- Born: 17 November 1967 (age 58) Rostov-on-Don, Rostov Oblast, Russian SFSR, Soviet Union (today Russian Federation)
- Occupation: Businessman
- Known for: Former owner of sports clubs FK Vardar and RK Vardar
- Spouse: Irina Samsonenko

= Sergey Samsonenko =

Russian businessman (born 1967)

Sergey Samsonenko (Russian: Сергей Самсоненко; born 17 November 1967) is a Russian millionaire and businessman residing in North Macedonia. He is the former owner of the Macedonian football club FK Vardar and the Macedonian handball club RK Vardar.
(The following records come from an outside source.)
text \<open>Compare the two curves on the shorter of their two initial segments.\<close>
lemma thermo_maj_slope_le:
  assumes maj: "thermo_maj \<beta> m eps u v"
    and S: "\<And>i. i < m \<Longrightarrow> u i * exp (\<beta> * eps i) \<le> S" and j: "j < m"
  shows "v j * exp (\<beta> * eps j) \<le> S"
proof -
  obtain \<pi> \<sigma> where \<pi>: "tm_order \<beta> m eps u \<pi>" and \<sigma>: "tm_order \<beta> m eps v \<sigma>"
    using tm_order_exists by metis
  have m: "0 < m" using j by simp
  have \<pi>0: "\<pi> 0 < m"
    using m permutes_in_image[OF tm_order_permutes[OF \<pi>]] by simp
  define y where "y = min (exp (- \<beta> * eps (\<pi> 0))) (exp (- \<beta> * eps (\<sigma> 0)))"
  have y: "0 < y" by (simp add: y_def)
  have "y \<le> part_fun \<beta> m eps"
    unfolding part_fun_def y_def using \<pi>0
    by (intro min.coboundedI1 member_le_sum[where f = "\<lambda>j. exp (- \<beta> * eps j)"]) auto
  then have "tm_seg \<beta> eps v \<sigma> 0 y \<le> tm_seg \<beta> eps u \<pi> 0 y"
    using maj \<pi> \<sigma> m y unfolding thermo_maj_def by (auto simp: tm_X_def y_def)
  then have "v (\<sigma> 0) * exp (\<beta> * eps (\<sigma> 0)) \<le> u (\<pi> 0) * exp (\<beta> * eps (\<pi> 0))"
    using y by (simp add: tm_seg_first)
  then show ?thesis using tm_order_first_max[OF \<sigma> j] S[OF \<pi>0] by linarith
qed

lemma thermo_maj_if_curve_ge_min:
  assumes curve: "\<And>\<pi> k y. tm_order \<beta> m eps u \<pi> \<Longrightarrow> k < m \<Longrightarrow>
        tm_X \<beta> eps \<pi> k \<le> y \<Longrightarrow> y \<le> tm_X \<beta> eps \<pi> (Suc k) \<Longrightarrow>
        min (S * y) 1 \<le> tm_seg \<beta> eps u \<pi> k y"
    and v: "prob_vec m v" and S: "\<And>j. j < m \<Longrightarrow> v j * exp (\<beta> * eps j) \<le> S"
  shows "thermo_maj \<beta> m eps u v"
  unfolding thermo_maj_def
proof (intro allI impI, elim conjE)
  fix \<pi> \<sigma> y k l
  assume \<pi>: "tm_order \<beta> m eps u \<pi>" and \<sigma>: "tm_order \<beta> m eps v \<sigma>"
    and k: "k < m" "tm_X \<beta> eps \<pi> k \<le> y" "y \<le> tm_X \<beta> eps \<pi> (Suc k)"
    and l: "l < m" "tm_X \<beta> eps \<sigma> l \<le> y" "y \<le> tm_X \<beta> eps \<sigma> (Suc l)"
  have "tm_seg \<beta> eps v \<sigma> l y \<le> min (S * y) 1"
    using tm_seg_le_slope_bound[OF tm_order_permutes[OF \<sigma>] v S l(1,2)]
      tm_seg_le_1[OF tm_order_permutes[OF \<sigma>] v l(1,3)] by simp
  also have "\<dots> \<le> tm_seg \<beta> eps u \<pi> k y" using curve[OF \<pi> k] .
  finally show "tm_seg \<beta> eps v \<sigma> l y \<le> tm_seg \<beta> eps u \<pi> k y" .
qed

lemma sum_upper_half: "sum f {n..<2 * n :: nat} = (\<Sum>j<n. f (j + n))"
  using sum.shift_bounds_nat_ivl[of f 0 n n] by (simp add: lessThan_atLeast0 mult_2)

lemma sum_lessThan_double: "(\<Sum>j<2 * n :: nat. f j) = (\<Sum>j<n. f j) + (\<Sum>j<n. f (j + n))"
proof -
  have "(\<Sum>j<2 * n. f j) = sum f {0..<n} + sum f {n..<2 * n}"
    by (simp add: lessThan_atLeast0 sum.atLeastLessThan_concat)
  then show ?thesis by (simp add: sum_upper_half lessThan_atLeast0)
qed
(* Let $q\geq3$, $\Delta\geq3$ and $0\leq B<\frac{\Delta-q}{\Delta}$. For the antiferromagnetic $q$-state Potts model with parameter $B$, the global maximum of $\Psi_1$ is not achieved at the translation invariant fixpoint, i.e., not at $\boldsymbol{\alpha}=\boldsymbol{\beta}=(1/q,\dots,1/q)$.
   Context: The Potts model with parameter $B$ has interaction matrix $\mathbf{B}$ with diagonal entries $B$ and off-diagonal entries $1$. $\Psi_1$ is defined on pairs of probability vectors by $\Psi_1(\boldsymbol{\alpha},\boldsymbol{\beta})=\max_{\mathbf{x}}[(\Delta-1)(\sum_i\alpha_i\ln\alpha_i+\sum_j\beta_j\ln\beta_j)+\Delta\sum_{i,j}x_{ij}(\ln B_{ij}-\ln x_{ij})]$ over nonnegative $\mathbf{x}\in\mathbb{R}^{q\times q}$ with row sums $\alpha_i$ and column sums $\beta_j$ (conventions $\ln0=-\infty$, $0\ln0=0$); it is the exponential growth rate of the expected weight of configurations with spin frequencies $\boldsymbol{\alpha},\boldsymbol{\beta}$ on the two sides of a random $\Delta$-regular bipartite graph. The translation invariant fixpoint of the Potts tree recursions $R_i\propto(BC_i+\sum_{j\neq i}C_j)^{\Delta-1}$, $C_j\propto(BR_j+\sum_{i\neq j}R_i)^{\Delta-1}$ is the one with all $R_i$ equal and all $C_j$ equal, corresponding to $\boldsymbol{\alpha}=\boldsymbol{\beta}=(1/q,\dots,1/q)$. *)

theory Defs
  imports "HOL-Analysis.Analysis" "HOL-Library.Extended_Real"
begin
lemma finite_words: "finite (words n)"
  unfolding words_def by (intro finite_PiE) auto

lemma run_eq_Max:
  assumes "1 \<in> a ` {1..n}"
  shows "run n a = Max {i \<in> {1..n}. {1..i} \<subseteq> a ` {1..n}}"
    and "run n a \<in> {i \<in> {1..n}. {1..i} \<subseteq> a ` {1..n}}"
proof -
  define I where "I = {i \<in> {1..n}. {1..i} \<subseteq> a ` {1..n}}"
  have "1 \<in> I" using assms unfolding I_def by auto
  then have "Max I \<in> I" by (intro Max_in) (auto simp: I_def)
  moreover show "run n a = Max I" using assms unfolding run_def I_def by simp
  ultimately show "run n a \<in> I" by simp
qed

lemma le_run_iff:
  assumes "1 \<le> r" "r \<le> n"
  shows "r \<le> run n a \<longleftrightarrow> {1..r} \<subseteq> a ` {1..n}"
proof
  assume r: "r \<le> run n a"
  then have "1 \<in> a ` {1..n}" using \<open>1 \<le> r\<close> unfolding run_def by (auto split: if_splits)
  then have "{1..run n a} \<subseteq> a ` {1..n}" using run_eq_Max(2) by blast
  then show "{1..r} \<subseteq> a ` {1..n}" using r by auto
next
  assume r: "{1..r} \<subseteq> a ` {1..n}"
  then have "1 \<in> a ` {1..n}" using \<open>1 \<le> r\<close> by auto
  moreover have "r \<in> {i \<in> {1..n}. {1..i} \<subseteq> a ` {1..n}}" using r assms by auto
  ultimately show "r \<le> run n a" by (simp add: run_eq_Max(1))
qed

lemma run_eq_iff:
  assumes "1 \<le> r" "r < n"
  shows "run n a = r \<longleftrightarrow> {1..r} \<subseteq> a ` {1..n} \<and> Suc r \<notin> a ` {1..n}"
proof -
  have "{1..Suc r} = insert (Suc r) {1..r}" by auto
  then show ?thesis using le_run_iff[of r n a] le_run_iff[of "Suc r" n a] assms
    by (simp add: le_antisym del: atLeastAtMost_iff) linarith
qed

lemma run_le: "run n a \<le> n"
  using run_eq_Max(2)[of a n] unfolding run_def by auto

lemma le_card_le_if_covers:
  fixes a :: "nat \<Rightarrow> nat"
  assumes "{1..i} \<subseteq> a ` {1..n}"
  shows "i \<le> card {j \<in> {1..n}. a j \<le> i}"
proof -
  have fin: "finite {j \<in> {1..n}. a j \<le> i}" by simp
  have "{1..i} \<subseteq> a ` {j \<in> {1..n}. a j \<le> i}" using assms by fastforce
  then have "card {1..i} \<le> card (a ` {j \<in> {1..n}. a j \<le> i})" using fin by (intro card_mono) auto
  also have "\<dots> \<le> card {j \<in> {1..n}. a j \<le> i}" using fin by (rule card_image_le)
  finally show ?thesis by simp
qed

subsection \<open>Rotating the large values\<close>

definition covering_words :: "nat \<Rightarrow> nat \<Rightarrow> (nat \<Rightarrow> nat) set" where
  "covering_words n r = {a \<in> words n. {1..r} \<subseteq> a ` {1..n}}"

text \<open>The values \<open>1..r\<close> are fixed and the values \<open>r+1..n\<close> are rotated cyclically so that
  \<open>r+1+d\<close> becomes \<open>r+1\<close>.\<close>

definition cyclic_shift :: "nat \<Rightarrow> nat \<Rightarrow> nat \<Rightarrow> nat \<Rightarrow> nat" where
  "cyclic_shift n r d v = (if v \<le> r then v else Suc r + (v - Suc r + (n - r - d)) mod (n - r))"

definition shift_word :: "nat \<Rightarrow> nat \<Rightarrow> nat \<Rightarrow> (nat \<Rightarrow> nat) \<Rightarrow> nat \<Rightarrow> nat" where
  "shift_word n r d a = restrict (cyclic_shift n r d \<circ> a) {1..n}"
He and his wife were sanctioned by the US Government in 2023.

== Career ==
He is the owner of Betcity, the largest sports-betting company in Russia and, the first Russian company to enter top 500 most prominent companies.
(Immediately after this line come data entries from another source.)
(* Let $S^0$ be a quasi-ideal adequate transversal of an abundant semigroup $S$. Then there exist a left adequate semigroup $L$ and a right adequate semigroup $R$ (namely the subsemigroups $L=\{x\in S:f_x=f_{\bar x}\}$ and $R=\{x\in S:e_x=e_{\bar x}\}$ of $S$) such that $S\cong T$, where $T=\{(x,a)\in L\times R:\bar x=\bar a\}$ with multiplication $(x,a)(y,b)=(e_xay,\,ayf_b)$ (products in $S$), and such that $T$ contains a quasi-ideal adequate transversal $T^0\cong S^0$.
   Context: For a semigroup $S$, $\mathcal{R}^\ast=\{(a,b): \text{for all } x,y\in S^1,\ xa=ya \iff xb=yb\}$ and $\mathcal{L}^\ast$ dually. $S$ is abundant if every $\mathcal{R}^\ast$-class and $\mathcal{L}^\ast$-class contains an idempotent; adequate if abundant with commuting idempotents; left (resp. right) adequate if abundant and every $\mathcal{R}^\ast$-class (resp. $\mathcal{L}^\ast$-class) contains a unique idempotent. In an adequate semigroup $a^+,a^\ast$ are the unique idempotents $\mathcal{R}^\ast$-, resp. $\mathcal{L}^\ast$-related to $a$. A subsemigroup $U$ of abundant $S$ is a $\ast$-subsemigroup if $U$ is abundant and $\mathcal{L}^\ast_U=\mathcal{L}^\ast_S\cap(U\times U)$, $\mathcal{R}^\ast_U=\mathcal{R}^\ast_S\cap(U\times U)$. An adequate $\ast$-subsemigroup $S^0$ of abundant $S$ is an adequate transversal if for each $x\in S$ there is a unique $\bar x\in S^0$ and idempotents $e,f$ of $S$ with $x=e\bar xf$, $e\,\mathcal{L}\,\bar x^+$, $f\,\mathcal{R}\,\bar x^\ast$; these $e,f$ are unique and denoted $e_x,f_x$. It is a quasi-ideal adequate transversal if moreover $S^0SS^0\subseteq S^0$. *)

theory Defs
  imports Main
begin

definition sgrp :: "'a set \<Rightarrow> ('a \<Rightarrow> 'a \<Rightarrow> 'a) \<Rightarrow> bool" where
  "sgrp S m \<longleftrightarrow> (\<forall>x\<in>S. \<forall>y\<in>S. m x y \<in> S) \<and>
     (\<forall>x\<in>S. \<forall>y\<in>S. \<forall>z\<in>S. m (m x y) z = m x (m y z))"

text \<open>Elements of S^1: None is the adjoined identity.\<close>
definition one_adj :: "'a set \<Rightarrow> 'a option set" where
  "one_adj S = insert None (Some ` S)"

fun lmul :: "('a \<Rightarrow> 'a \<Rightarrow> 'a) \<Rightarrow> 'a option \<Rightarrow> 'a \<Rightarrow> 'a" where
  "lmul m None a = a"
| "lmul m (Some x) a = m x a"

fun rmul :: "('a \<Rightarrow> 'a \<Rightarrow> 'a) \<Rightarrow> 'a \<Rightarrow> 'a option \<Rightarrow> 'a" where
  "rmul m a None = a"
| "rmul m a (Some x) = m a x"

definition Rstar :: "'a set \<Rightarrow> ('a \<Rightarrow> 'a \<Rightarrow> 'a) \<Rightarrow> 'a \<Rightarrow> 'a \<Rightarrow> bool" where
  "Rstar S m a b \<longleftrightarrow> a \<in> S \<and> b \<in> S \<and>
     (\<forall>x\<in>one_adj S. \<forall>y\<in>one_adj S. lmul m x a = lmul m y a \<longleftrightarrow> lmul m x b = lmul m y b)"

definition Lstar :: "'a set \<Rightarrow> ('a \<Rightarrow> 'a \<Rightarrow> 'a) \<Rightarrow> 'a \<Rightarrow> 'a \<Rightarrow> bool" where
  "Lstar S m a b \<longleftrightarrow> a \<in> S \<and> b \<in> S \<and>
     (\<forall>x\<in>one_adj S. \<forall>y\<in>one_adj S. rmul m a x = rmul m a y \<longleftrightarrow> rmul m b x = rmul m b y)"

definition GreenL :: "'a set \<Rightarrow> ('a \<Rightarrow> 'a \<Rightarrow> 'a) \<Rightarrow> 'a \<Rightarrow> 'a \<Rightarrow> bool" where
  "GreenL S m a b \<longleftrightarrow> a \<in> S \<and> b \<in> S \<and>
     (\<lambda>x. lmul m x a) ` one_adj S = (\<lambda>x. lmul m x b) ` one_adj S"

definition GreenR :: "'a set \<Rightarrow> ('a \<Rightarrow> 'a \<Rightarrow> 'a) \<Rightarrow> 'a \<Rightarrow> 'a \<Rightarrow> bool" where
  "GreenR S m a b \<longleftrightarrow> a \<in> S \<and> b \<in> S \<and>
     (\<lambda>x. rmul m a x) ` one_adj S = (\<lambda>x. rmul m b x) ` one_adj S"

definition idems :: "'a set \<Rightarrow> ('a \<Rightarrow> 'a \<Rightarrow> 'a) \<Rightarrow> 'a set" where
  "idems S m = {e \<in> S. m e e = e}"

definition abundant :: "'a set \<Rightarrow> ('a \<Rightarrow> 'a \<Rightarrow> 'a) \<Rightarrow> bool" where
  "abundant S m \<longleftrightarrow> sgrp S m \<and>
     (\<forall>a\<in>S. (\<exists>e\<in>idems S m. Rstar S m a e) \<and> (\<exists>f\<in>idems S m. Lstar S m a f))"

definition adequate :: "'a set \<Rightarrow> ('a \<Rightarrow> 'a \<Rightarrow> 'a) \<Rightarrow> bool" where
  "adequate S m \<longleftrightarrow> abundant S m \<and>
     (\<forall>e\<in>idems S m. \<forall>f\<in>idems S m. m e f = m f e)"

definition left_adequate :: "'a set \<Rightarrow> ('a \<Rightarrow> 'a \<Rightarrow> 'a) \<Rightarrow> bool" where
  "left_adequate S m \<longleftrightarrow> abundant S m \<and>
     (\<forall>a\<in>S. \<exists>!e. e \<in> idems S m \<and> Rstar S m a e)"

definition right_adequate :: "'a set \<Rightarrow> ('a \<Rightarrow> 'a \<Rightarrow> 'a) \<Rightarrow> bool" where
  "right_adequate S m \<longleftrightarrow> abundant S m \<and>
     (\<forall>a\<in>S. \<exists>!e. e \<in> idems S m \<and> Lstar S m a e)"

definition plus :: "'a set \<Rightarrow> ('a \<Rightarrow> 'a \<Rightarrow> 'a) \<Rightarrow> 'a \<Rightarrow> 'a" where
  "plus U m a = (THE e. e \<in> idems U m \<and> Rstar U m a e)"

definition astar :: "'a set \<Rightarrow> ('a \<Rightarrow> 'a \<Rightarrow> 'a) \<Rightarrow> 'a \<Rightarrow> 'a" where
  "astar U m a = (THE e. e \<in> idems U m \<and> Lstar U m a e)"

definition star_subsemigroup :: "'a set \<Rightarrow> 'a set \<Rightarrow> ('a \<Rightarrow> 'a \<Rightarrow> 'a) \<Rightarrow> bool" where
  "star_subsemigroup U S m \<longleftrightarrow> U \<subseteq> S \<and> abundant U m \<and>
     (\<forall>a\<in>U. \<forall>b\<in>U. Lstar U m a b \<longleftrightarrow> Lstar S m a b) \<and>
     (\<forall>a\<in>U. \<forall>b\<in>U. Rstar U m a b \<longleftrightarrow> Rstar S m a b)"

definition decomp :: "'a set \<Rightarrow> 'a set \<Rightarrow> ('a \<Rightarrow> 'a \<Rightarrow> 'a) \<Rightarrow> 'a \<Rightarrow> 'a \<Rightarrow> 'a \<Rightarrow> 'a \<Rightarrow> bool" where
  "decomp S0 S m x xb e f \<longleftrightarrow> xb \<in> S0 \<and> e \<in> idems S m \<and> f \<in> idems S m \<and>
     x = m (m e xb) f \<and> GreenL S m e (plus S0 m xb) \<and> GreenR S m f (astar S0 m xb)"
Sergey built the Russia Hotel in Skopje and created a business aviation airline. He is the Honorary Consul of Russia in Bitola.

== Sanctions ==
On 16 November 2023 the U.S. Department of the Treasury’s Office of Foreign Assets Control (OFAC) sanctioned Sergey Samsonenko and his wife Irina, pursuant to E.O. 14033 for being responsible for or complicit in, or having directly or indirectly engaged in, corruption related to the Western Balkans.